The electrodes 20 and 30 are connected to an amplifier 12. The amplifier 12 receives an electric signal from a function generator 10, amplifies the intensity, and applies the signal to the electrodes. The strength of a field to be generated between the electrodes 20 and 30 can easily be adjusted by using the amplifier 12.

The electrodes 20 and 30 are arranged in a shield 14. The shield 14 confines electromagnetic waves generated inside and does not leak the electromagnetic waves to the outside. Even when the output of the amplifier 12 is raised, therefore, it is possible to prevent the electromagnetic waves (radio waves) generated between the electrodes 20 and 30 from influencing the surroundings.

The cell stimulating apparatus 4 has a support member 16. The support member 16 supports a vessel. The support member 16 is placed inside the shield 14. The support member 16 is preferably made of a material that does not influence the alternating field generated by the electrodes 20 and 30. For example, the support member 16 can be made of a resin material not containing a metal or a magnetic substance.

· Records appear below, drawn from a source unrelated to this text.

text \<open>Applying id + E_(i+1) Delta_i cancels the factor of the pair (i, i+1); the rest is
  antisymmetric under the exchange of x_i and x_(i+1), hence vanishes where they agree.\<close>
lemma antisym_cond_inv_series_list_det:
  assumes "degrees_below N (\<lambda>x. det (binom_mat m 0 Suc x))"
  shows "antisym_cond m (inv_series_list N (index_pairs m) (\<lambda>x. det (binom_mat m 0 Suc x)))"
  unfolding antisym_cond_def
proof (intro allI impI)
  fix i and x :: "nat \<Rightarrow> complex"
  assume i: "1 \<le> i" "i < m" and xi: "x i = x (Suc i)"
  define \<tau> where "\<tau> = Transposition.transpose i (Suc i)"
  let ?U = "\<lambda>x. det (binom_mat m 0 Suc x)"
  let ?R = "remove1 (i, Suc i) (index_pairs m)"
  let ?F = "inv_series_list N ?R ?U"
  have "(i, Suc i) \<in> set (index_pairs m)" using i by (simp add: set_index_pairs)
  then have W: "id_plus_ED i (Suc i) (inv_series_list N (index_pairs m) ?U) = ?F"
    by (rule id_plus_ED_inv_series_list[OF assms])
  have rU: "rename_vars \<tau> ?U = (\<lambda>x. (-1) * ?U x)"
    by (rule ext) (simp add: rename_vars_def \<tau>_def det_binom_mat_transpose[OF i])
  have L: "linear_op (inv_series_list N (map (\<lambda>(p, q). (\<tau> p, \<tau> q)) ?R))"
    by (rule shift_invariant_linear_op[OF shift_invariant_inv_series_list])
  have "rename_vars \<tau> ?F = inv_series_list N (map (\<lambda>(p, q). (\<tau> p, \<tau> q)) ?R) (rename_vars \<tau> ?U)"
    by (rule inv_series_list_rename_vars[symmetric]) (simp add: \<tau>_def inj_transpose)
  also have "\<dots> = (\<lambda>x. (-1) * inv_series_list N (map (\<lambda>(p, q). (\<tau> p, \<tau> q)) ?R) ?U x)"
    unfolding rU by (rule linear_op_cmult[OF L])
  also have "inv_series_list N (map (\<lambda>(p, q). (\<tau> p, \<tau> q)) ?R) ?U = ?F"
    unfolding \<tau>_def by (rule inv_series_list_mset[OF mset_transpose_index_pairs[OF i]])
  finally have rF: "rename_vars \<tau> ?F = (\<lambda>x. - ?F x)" by simp
  have "x \<circ> \<tau> = x" using xi by (auto simp: \<tau>_def Transposition.transpose_def)
  then have "?F x = - ?F x" using fun_cong[OF rF, of x] by (simp add: rename_vars_def)
  then show "id_plus_ED i (Suc i) (inv_series_list N (index_pairs m) ?U) x = 0" using W by simp
qed

lemma index_pairs_Suc_mset:
  assumes s: "1 \<le> s" "s \<le> Suc m"
  shows "mset (index_pairs (Suc m)) =
    mset (map (\<lambda>p. (p, s)) [1..<s] @ map (\<lambda>q. (s, q)) [Suc s..<Suc (Suc m)] @
      map (\<lambda>(p, q). (skip s p, skip s q)) (index_pairs m))"
proof -
  let ?A = "map (\<lambda>p. (p, s)) [1..<s]"
  let ?B = "map (\<lambda>q. (s, q)) [Suc s..<Suc (Suc m)]"
  let ?f = "\<lambda>(p, q). (skip s p, skip s q)"
  let ?C = "map ?f (index_pairs m)"
  have "inj ?f" using inj_skip by (auto simp: inj_def inj_eq)
  then have "inj_on ?f (set (index_pairs m))" by (rule inj_on_subset) simp
  then have dC: "distinct ?C" using distinct_index_pairs by (simp add: distinct_map)
  have setC: "set ?C = {(skip s p, skip s q) | p q. 1 \<le> p \<and> p < q \<and> q \<le> m}"
    by (auto simp: set_index_pairs)
  have d: "distinct (?A @ ?B @ ?C)"
    using dC unfolding distinct_append set_append setC
    by (auto simp: distinct_map inj_on_def skip_def)
  have "set (?A @ ?B @ ?C) \<subseteq> set (index_pairs (Suc m))"
    using s unfolding set_append setC by (auto simp: set_index_pairs skip_def)
  moreover have "set (index_pairs (Suc m)) \<subseteq> set (?A @ ?B @ ?C)"
  proof
    fix y assume "y \<in> set (index_pairs (Suc m))"
    then obtain p q where y: "y = (p, q)" "1 \<le> p" "p < q" "q \<le> Suc m" by (auto simp: set_index_pairs)
    show "y \<in> set (?A @ ?B @ ?C)"
    proof (cases "q = s \<or> p = s")
      case False
      define p' where "p' = (if p < s then p else p - 1)"
      define q' where "q' = (if q < s then q else q - 1)"
      have "skip s p' = p" "skip s q' = q" "1 \<le> p'" "p' < q'" "q' \<le> m"
        using y False s unfolding p'_def q'_def skip_def by auto
      then have "y \<in> set ?C" unfolding setC using y by blast
      then show ?thesis by simp
    qed (use y in auto)
  qed
  ultimately have "set (index_pairs (Suc m)) = set (?A @ ?B @ ?C)" by (rule equalityI[rotated])
  then show ?thesis by (rule set_eq_iff_mset_eq_distinct[OF distinct_index_pairs d, THEN iffD1])
qed

text \<open>On a function not depending on x_s, the factors for the pairs (s, q) act trivially and
  those for the pairs (p, s) act as the inverse shifts E_p^(-1).\<close>
lemma inv_series_list_rename_skip:
  assumes s: "1 \<le> s" "s \<le> Suc m" and f: "degrees_below N f" and N: "N \<ge> 1"
  shows "inv_series_list N (index_pairs (Suc m)) (rename_vars (skip s) f) y =
    inv_series_list N (index_pairs m) f ((\<lambda>i. y i - (if i \<in> set [1..<s] then 1 else 0)) \<circ> skip s)"
proof -
  let ?A = "map (\<lambda>p. (p, s)) [1..<s]"
  let ?B = "map (\<lambda>q. (s, q)) [Suc s..<Suc (Suc m)]"
  let ?C = "map (\<lambda>(p, q). (skip s p, skip s q)) (index_pairs m)"
  define h where "h = rename_vars (skip s) (inv_series_list N (index_pairs m) f)"
  have hs: "shiftE s h = h" unfolding h_def by (rule shiftE_rename_vars_outside) (auto simp: skip_def)
  have "inv_series_list N (index_pairs (Suc m)) (rename_vars (skip s) f) =
      inv_series_list N (?A @ ?B @ ?C) (rename_vars (skip s) f)"
    by (rule inv_series_list_mset[OF index_pairs_Suc_mset[OF s]])
  also have "\<dots> = inv_series_list N ?A (inv_series_list N ?B h)"
    by (simp add: inv_series_list_append inv_series_list_rename_vars[OF inj_skip] h_def)
  also have "inv_series_list N ?B h = h" by (rule inv_series_list_const_var[OF N hs]) auto
  finally have Z: "inv_series_list N (index_pairs (Suc m)) (rename_vars (skip s) f) =
      inv_series_list N ?A h" .
  have "degrees_below N h"
    unfolding h_def by (rule degrees_below_rename_vars[OF inj_skip degrees_below_inv_series_list[OF f] N])
  then have sh: "shift_vars [1..<s] (inv_series_list N ?A h) = h"
    by (intro shift_vars_inv_series_list_const_var[OF _ hs]) simp_all
  define e where "e i = (if i \<in> set [1..<s] then 1 else (0::complex))" for i
  have "inv_series_list N ?A h y = shift_vars [1..<s] (inv_series_list N ?A h) (\<lambda>i. y i - e i)"
    by (simp add: shift_vars_apply e_def)
  also have "\<dots> = h (\<lambda>i. y i - e i)" by (simp only: sh)
  finally show ?thesis using Z by (simp add: h_def rename_vars_def e_def)
qed

text \<open>A common bound for the degrees of all functions of at most m + 1 variables occurring below.\<close>
definition deg_bound :: "nat \<Rightarrow> nat" where
  "deg_bound m = Suc (Suc m) * Suc m + 1"

lemma degrees_below_det_binom_mat_Suc: "degrees_below (deg_bound m) (\<lambda>x. det (binom_mat m c Suc x))"
  by (rule degrees_below_mono[OF degrees_below_det_binom_mat[of m Suc m]]) (simp_all add: deg_bound_def)

lemma degrees_below_vdm_poly:
  assumes "m' \<le> Suc m"
  shows "degrees_below (deg_bound m) (vdm_poly m')"
proof -
  have "Suc (Suc m) * m' + 1 \<le> deg_bound m"
    using assms unfolding deg_bound_def by (intro add_le_mono1 mult_le_mono2)
  moreover have "degrees_below (Suc (Suc m) * m' + 1) (\<lambda>x. det (binom_mat m' 0 (\<lambda>j. j) x))"
    by (rule degrees_below_det_binom_mat) (use assms in simp)
  ultimately have "degrees_below (deg_bound m) (\<lambda>x. det (binom_mat m' 0 (\<lambda>j. j) x))"
    using degrees_below_mono by blast
  then show ?thesis by (simp add: det_binom_mat_eq_vdm_poly fun_eq_iff[symmetric])
qed

text \<open>Delta_1 ... Delta_m maps the determinant here to the Vandermonde product.\<close>
definition reduced_det :: "nat \<Rightarrow> cfun" where
  "reduced_det m = inv_series_list (deg_bound m) (index_pairs m) (\<lambda>x. det (binom_mat m 0 Suc x))"

lemma inv_series_list_Laplace_term:
  assumes "i \<le> m"
  shows "inv_series_list (deg_bound m) (index_pairs (Suc m))
      (rename_vars (skip (Suc i)) (\<lambda>x. det (binom_mat m 1 Suc x))) (of_int_vec k) =
    reduced_det m (of_int_vec (omit_entry i k))"
proof -
  define z where "z = (\<lambda>j. of_int_vec k j - (if j \<in> set [1..<Suc i] then 1 else 0)) \<circ> skip (Suc i)"
  have "binom_mat m 0 Suc (\<lambda>i. x i + (if i \<in> set [1..<Suc m] then 1 else 0)) = binom_mat m 1 Suc x"
    for x unfolding binom_mat_def by (intro eq_matI) auto
  then have "(\<lambda>x. det (binom_mat m 1 Suc x)) = shift_vars [1..<Suc m] (\<lambda>x. det (binom_mat m 0 Suc x))"
    by (simp add: shift_vars_apply fun_eq_iff)
  then have "inv_series_list (deg_bound m) (index_pairs m) (\<lambda>x. det (binom_mat m 1 Suc x)) =
      shift_vars [1..<Suc m] (reduced_det m)"
    by (simp add: reduced_det_def shift_invariant_shift_vars_commute[OF shift_invariant_inv_series_list])
  then have "inv_series_list (deg_bound m) (index_pairs (Suc m))
      (rename_vars (skip (Suc i)) (\<lambda>x. det (binom_mat m 1 Suc x))) (of_int_vec k) =
      reduced_det m (\<lambda>j. z j + (if j \<in> set [1..<Suc m] then 1 else 0))"
    using inv_series_list_rename_skip[OF _ _ degrees_below_det_binom_mat_Suc, of "Suc i"] assms
    by (simp add: shift_vars_apply z_def deg_bound_def)
  also have "\<dots> = reduced_det m (of_int_vec (omit_entry i k))"
    unfolding reduced_det_def
    by (rule depends_on_firstD[OF depends_on_first_inv_series_list[OF depends_on_first_det_binom_mat]])
      (auto simp: z_def of_int_vec_def omit_entry_def skip_def)
  finally show ?thesis .
qed

lemma all_inv_ops_vdm_poly_Suc:
  "all_inv_ops (Suc m) (vdm_poly (Suc m)) (of_int_vec k) =
    (\<Sum>t\<le>m. (-1)^t * reduced_det m (of_int_vec (omit_entry t k)))"
proof -
  let ?U1 = "\<lambda>x. det (binom_mat m 1 Suc x)"
  let ?L = "inv_series_list (deg_bound m) (index_pairs (Suc m))"
  have L: "linear_op ?L" by (rule shift_invariant_linear_op[OF shift_invariant_inv_series_list])
  have V: "vdm_poly (Suc m) = (\<lambda>x. \<Sum>t\<le>m. (-1)^t * rename_vars (skip (Suc t)) ?U1 x)"
    by (rule ext) (simp add: vdm_poly_Laplace rename_vars_def lessThan_Suc_atMost)
  have "all_inv_ops (Suc m) (vdm_poly (Suc m)) = ?L (vdm_poly (Suc m))"
    by (rule all_inv_ops_eq_inv_series_list[OF degrees_below_vdm_poly]) simp
  also have "\<dots> = (\<lambda>x. \<Sum>t\<le>m. ?L (\<lambda>x. (-1)^t * rename_vars (skip (Suc t)) ?U1 x) x)"
    unfolding V by (rule linear_op_sum[OF L])
  also have "\<dots> = (\<lambda>x. \<Sum>t\<le>m. (-1)^t * ?L (rename_vars (skip (Suc t)) ?U1) x)"
    by (simp only: linear_op_cmult[OF L])
  finally show ?thesis by (simp add: inv_series_list_Laplace_term)
qed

The support member 16 is so configured as to be able to shake a vessel. For example, the support member 16 can be so configured as to reciprocate or turn horizontally. Alternatively, the support member 16 can be so configured as to move vertically. That is, the support member 16 can be so configured as to be connected to an actuator (not shown) and perform desired motion. Note that in this case, a member of the actuator, which is placed inside the shield 14, is preferably made of a material having no influence on the alternating field.

The support member 16 may also be so configured as to be able to shake a vessel while applying an alternating field to the electrodes 20 and 30. Alternatively, the support member 16 can be so configured as to be able to shake a vessel after applying an alternating field to the electrodes 20 and 30.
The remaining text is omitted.